İran'ın Lübnan hükümetini kontrolü altında tuttuğu ve Lübnan'da savaşa veya barışa kendilerinin karar verdikleri şeklindeki iddiaları doğrudur. Ama bir doğru daha var ki o da Lübnan'ın bu duruma karşı direniş gösterdiği. Lübnan'da onur sahibi herkes direniyor. Bunların başında da, İran'ın kendi toplumlarına verdikleri zararın farkında olan Lübnanlı Şiiler geliyor. Bundan da önemlisi, Suriye üzerine oynanan bahsi kaybettiğini reddeden İran ve Suriye için, halk Lübnan'ı ve Zahle seçimlerini aşan sonuçlar hazırlayacak. Yani Suriye'de kaybeden İranın lübnanda kazanması mümkün olmayacak.

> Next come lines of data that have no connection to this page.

definition containing :: "'a \<Rightarrow> 'a set set"
  where "containing z = {K \<in> \<K>. z \<in> K}"

definition depth_ideal :: "nat \<Rightarrow> 'a set"
  where "depth_ideal s = Idl {z \<in> I. s \<le> card (containing z)}"

lemma containing_subset: "containing z \<subseteq> \<K>"
  unfolding containing_def by blast

lemma finite_containing: "finite (containing z)"
  using finite_cover containing_subset by (rule finite_subset[rotated])

lemma containing_mult:
  assumes "x \<in> carrier R" and "y \<in> carrier R"
  shows "containing x \<union> containing y \<subseteq> containing (x \<otimes> y)"
proof (unfold containing_def, safe)
  fix K assume "K \<in> \<K>"
  show "x \<otimes> y \<in> K" if "x \<in> K"
    using ideal_cover[OF \<open>K \<in> \<K>\<close>] that assms(2) by (rule ideal.I_r_closed)
  show "x \<otimes> y \<in> K" if "y \<in> K"
    using ideal_cover[OF \<open>K \<in> \<K>\<close>] that assms(1) by (rule ideal.I_l_closed)
qed

lemma private_element:
  assumes "K \<in> \<K>"
  shows "\<exists>a\<in>I. containing a = {K}"
proof -
  obtain a where "a \<in> I" and "a \<notin> \<Union>(\<K> - {K})" using irredundant[OF assms] by blast
  moreover have "a \<in> \<Union>\<K>" using covers \<open>a \<in> I\<close> by blast
  ultimately have "containing a = {K}" using assms unfolding containing_def by auto
  with \<open>a \<in> I\<close> show ?thesis by blast
qed

lemma shift_by_private_element:
  assumes y: "y \<in> I" and a: "a \<in> I" "containing a = {K}" and yK: "K \<notin> containing y"
  obtains L where "L \<in> containing (y \<oplus> a)" and "L \<notin> insert K (containing y)"
proof -
  interpret I: ideal I R by (rule ideal_covered)
  have carr: "y \<in> carrier R" "a \<in> carrier R" using y a I.Icarr by auto
  have "y \<oplus> a \<in> I" using y a(1) by (rule I.a_closed)
  then obtain L where L: "L \<in> \<K>" "y \<oplus> a \<in> L" using covers by blast
  have "K \<in> \<K>" "a \<in> K" using a(2) unfolding containing_def by auto
  then have "y \<notin> K" using yK unfolding containing_def by blast
  have "L \<in> containing (y \<oplus> a)" using L unfolding containing_def by simp
  moreover have "L \<noteq> K"
  proof
    assume "L = K"
    then have "y \<in> K"
      using L(2) ideal_add_mem_iff[OF ideal_cover[OF \<open>K \<in> \<K>\<close>] carr(1) \<open>a \<in> K\<close>] by simp
    with \<open>y \<notin> K\<close> show False by contradiction
  qed
  moreover have "L \<notin> containing y"
  proof
    assume "L \<in> containing y"
    then have "y \<in> L" unfolding containing_def by simp
    have "a \<oplus> y \<in> L" using L(2) a_comm[OF carr] by simp
    then have "a \<in> L" using ideal_add_mem_iff[OF ideal_cover[OF L(1)] carr(2) \<open>y \<in> L\<close>] by simp
    then have "L \<in> containing a" using L(1) unfolding containing_def by simp
    then show False using a(2) \<open>L \<noteq> K\<close> by simp
  qed
  ultimately show ?thesis using that by blast
qed

lemma deep_elements_subset_carrier: "{z \<in> I. s \<le> card (containing z)} \<subseteq> carrier R"
  using ideal.Icarr[OF ideal_covered] by blast

lemma depth_ideal_ideal: "ideal (depth_ideal s) R"
  unfolding depth_ideal_def using deep_elements_subset_carrier by (rule genideal_ideal)

lemma mem_depth_ideal:
  assumes "z \<in> I" and "s \<le> card (containing z)"
  shows "z \<in> depth_ideal s"
proof -
  have "z \<in> {z \<in> I. s \<le> card (containing z)}" using assms by simp
  then show ?thesis unfolding depth_ideal_def using genideal_self[OF deep_elements_subset_carrier] by blast
qed

lemma mem_depth_ideal_Suc:
  assumes "z \<in> I" and "insert L C \<subseteq> containing z" and "L \<notin> C" and "s \<le> card C"
  shows "z \<in> depth_ideal (Suc s)"
proof (rule mem_depth_ideal[OF assms(1)])
  have "C \<subseteq> containing z" using assms(2) by simp
  then have "finite C" using finite_containing by (rule finite_subset)
  then have "card (insert L C) = Suc (card C)" using assms(3) by simp
  then show "Suc s \<le> card (containing z)"
    using card_mono[OF finite_containing assms(2)] assms(4) by linarith
qed

lemma mult_mem_depth_ideal_Suc:
  assumes s: "s < card \<K>" and x: "x \<in> I" "s \<le> card (containing x)"
    and y: "y \<in> I" "s \<le> card (containing y)"
  shows "x \<otimes> y \<in> depth_ideal (Suc s)"
proof -
  interpret I: ideal I R by (rule ideal_covered)
  have carr: "x \<in> carrier R" "y \<in> carrier R" using x y I.Icarr by auto
  define C where "C = containing x \<union> containing y"
  have C_mult: "C \<subseteq> containing (x \<otimes> y)" unfolding C_def using carr by (rule containing_mult)
  have "finite C" unfolding C_def using finite_containing by blast
  show ?thesis
  proof (cases "Suc s \<le> card C")
    case True
    then show ?thesis
      using mem_depth_ideal[OF I.I_r_closed[OF x(1) carr(2)]] card_mono[OF finite_containing C_mult]
      by simp
  next
    case False
    have "card (containing x) \<le> card C" "card (containing y) \<le> card C"
      unfolding C_def using finite_containing by (auto intro: card_mono)
    then have "containing x = C" "containing y = C"
      using False x(2) y(2) card_seteq[OF \<open>finite C\<close>] unfolding C_def by (simp_all add: le_simps)
    have "C \<noteq> \<K>" using False s by auto
    moreover have "C \<subseteq> \<K>" unfolding C_def using containing_subset by blast
    ultimately obtain K where K: "K \<in> \<K>" "K \<notin> C" by blast
    obtain a where a: "a \<in> I" "containing a = {K}" using private_element[OF K(1)] by blast
    have a_carr: "a \<in> carrier R" using a I.Icarr by blast
    obtain L where L: "L \<in> containing (y \<oplus> a)" "L \<notin> insert K C"
      using shift_by_private_element[OF y(1) a] K \<open>containing y = C\<close> by metis
    have "s \<le> card C" using x(2) \<open>containing x = C\<close> by simp
    have "insert L C \<subseteq> containing (x \<otimes> (y \<oplus> a))"
      using L(1) containing_mult[OF carr(1), of "y \<oplus> a"] \<open>containing x = C\<close> carr a_carr by auto
    then have m1: "x \<otimes> (y \<oplus> a) \<in> depth_ideal (Suc s)"
      using mem_depth_ideal_Suc L(2) \<open>s \<le> card C\<close> I.I_r_closed x(1) carr a_carr by simp
    have "insert K C \<subseteq> containing (x \<otimes> a)"
      using containing_mult[OF carr(1) a_carr] a(2) \<open>containing x = C\<close> by auto
    then have m2: "x \<otimes> a \<in> depth_ideal (Suc s)"
      using mem_depth_ideal_Suc K(2) \<open>s \<le> card C\<close> I.I_r_closed x(1) a_carr by simp
    have "x \<otimes> y = x \<otimes> (y \<oplus> a) \<oplus> \<ominus> (x \<otimes> a)"
      using carr a_carr by (simp add: r_distr a_assoc r_neg)
    then show ?thesis
      using m1 m2 depth_ideal_ideal
      by (simp add: additive_subgroup.a_closed additive_subgroup.a_inv_closed ideal.axioms(1))
  qed
qed

lemma depth_ideal_mult:
  assumes "s < card \<K>" and "a \<in> depth_ideal s" and "b \<in> depth_ideal s"
  shows "a \<otimes> b \<in> depth_ideal (Suc s)"
  using genideal_mult_mem[OF depth_ideal_ideal _ _ _ assms(2,3)[unfolded depth_ideal_def]]
    mult_mem_depth_ideal_Suc[OF assms(1)] ideal.Icarr[OF ideal_covered]
  by blast

lemma depth_ideal_top_subset:
  assumes K: "K \<in> \<K>"
  shows "depth_ideal (card \<K> - 1) \<subseteq> K"
  unfolding depth_ideal_def
proof (rule genideal_minimal[OF ideal_cover[OF K]], safe)
  fix z assume z: "z \<in> I" and deep: "card \<K> - 1 \<le> card (containing z)"
  show "z \<in> K"
  proof (rule ccontr)
    assume "z \<notin> K"
    then have K_z: "K \<notin> containing z" and sub: "containing z \<subseteq> \<K> - {K}"
      using containing_subset unfolding containing_def by blast+
    have fin: "finite (\<K> - {K})" using finite_cover by simp
    have "card (\<K> - {K}) \<le> card (containing z)" using deep K finite_cover by simp
    then have "containing z = \<K> - {K}" by (rule card_seteq[OF fin sub])
    then have full: "insert K (containing z) = \<K>" using K by blast
    obtain a where "a \<in> I" "containing a = {K}" using private_element[OF K] by blast
    then obtain L where "L \<in> containing (z \<oplus> a)" "L \<notin> insert K (containing z)"
      using shift_by_private_element[OF z _ _ K_z] by blast
    then show False using containing_subset[of "z \<oplus> a"] full by blast
  qed
qed

lemma idempotent_subset_depth_ideal:
  assumes idem: "I = I \<cdot> I"
  shows "s < card \<K> \<Longrightarrow> I \<subseteq> depth_ideal s"
proof (induction s)
  case 0
  show ?case by (intro subsetI mem_depth_ideal) simp_all
next
  case (Suc s)
  then have s: "s < card \<K>" and IH: "I \<subseteq> depth_ideal s" by simp_all
  have "I <#> I \<subseteq> depth_ideal (Suc s)"
  proof
    fix w assume "w \<in> I <#> I"
    then obtain a b where "a \<in> I" "b \<in> I" "w = a \<otimes> b" unfolding set_mult_def by blast
    then show "w \<in> depth_ideal (Suc s)" using depth_ideal_mult[OF s] IH by blast
  qed
  then have "Idl (I <#> I) \<subseteq> depth_ideal (Suc s)"
    by (rule genideal_minimal[OF depth_ideal_ideal])
  with idem show ?case
    unfolding ideal_prod_eq_genideal[OF ideal_covered ideal_covered] by (rule ord_eq_le_trans)
qed

lemma idempotent_subset_cover_member:
  assumes "I = I \<cdot> I" and "K \<in> \<K>"
  shows "I \<subseteq> K"
proof -
  have "0 < card \<K>" using assms(2) finite_cover card_gt_0_iff by blast
  then have "card \<K> - 1 < card \<K>" by simp
  then show ?thesis
    using idempotent_subset_depth_ideal[OF assms(1)] depth_ideal_top_subset[OF assms(2)] by blast
qed

end

lemma (in cring) idempotent_ideal_avoidance:
  assumes I: "ideal I R" "I = I \<cdot> I"
    and \<J>: "finite \<J>" "\<And>J. J \<in> \<J> \<Longrightarrow> ideal J R" and cov: "I \<subseteq> \<Union>\<J>"
  shows "\<exists>J\<in>\<J>. I \<subseteq> J"
proof -
  obtain \<K> where \<K>: "\<K> \<subseteq> \<J>" "I \<subseteq> \<Union>\<K>" "\<forall>K\<in>\<K>. \<not> I \<subseteq> \<Union>(\<K> - {K})"
    using finite_cover_has_irredundant_subcover[OF \<J>(1) cov] by blast
  interpret irredundant_ideal_cover R I \<K>
  proof (intro irredundant_ideal_cover.intro irredundant_ideal_cover_axioms.intro)
    show "cring R" by (rule is_cring)
    show "ideal I R" by (rule I(1))
    show "finite \<K>" using \<K>(1) \<J>(1) by (rule finite_subset)
    show "ideal K R" if "K \<in> \<K>" for K using that \<K>(1) \<J>(2) by blast
    show "I \<subseteq> \<Union>\<K>" by (rule \<K>(2))
    show "\<not> I \<subseteq> \<Union>(\<K> - {K})" if "K \<in> \<K>" for K using that \<K>(3) by blast
  qed
  have "\<zero> \<in> I" using I(1) by (simp add: additive_subgroup.zero_closed ideal.axioms(1))
  then obtain K where "K \<in> \<K>" using \<K>(2) by blast
  then show ?thesis using idempotent_subset_cover_member[OF I(2)] \<K>(1) by blast
qed

theorem corollary2p2:
  fixes R :: "('a, 'b) ring_scheme" and I :: "'a set"
  assumes "cring R"
    and "\<one>\<^bsub>R\<^esub> \<noteq> \<zero>\<^bsub>R\<^esub>"
    and "ideal I R"
    and "I = I \<cdot>\<^bsub>R\<^esub> I"
  shows "has_avoidance R I"
  unfolding has_avoidance_def
proof (intro allI impI, elim conjE)
  fix n and J :: "nat \<Rightarrow> 'a set"
  assume "\<forall>k<n. ideal (J k) R" and "I \<subseteq> (\<Union>k<n. J k)"
  then obtain K where "K \<in> J ` {..<n}" "I \<subseteq> K"
    using cring.idempotent_ideal_avoidance[OF assms(1,3,4), of "J ` {..<n}"] by blast
  then show "\<exists>k<n. I \<subseteq> J k" by blast
qed

end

Artık sürekli değişen bir bölgeden söz ediyoruz. Artık İran da dâhil olmak üzere haritası sürekli yenilenen bir Arap dünyası var. Ancak İran rejimi mezhep duygularını karıştırarak ve titrek ekonomiler yaratarak bölge haritasını yeniden çizenlerin arasına katılamayacak. Bir zamanlar İran'dan kat kat güçlü olmasına rağmen sonu gelen Sovyetler Birliği deneyimi bunun en önemli delillerinden biri olabilir.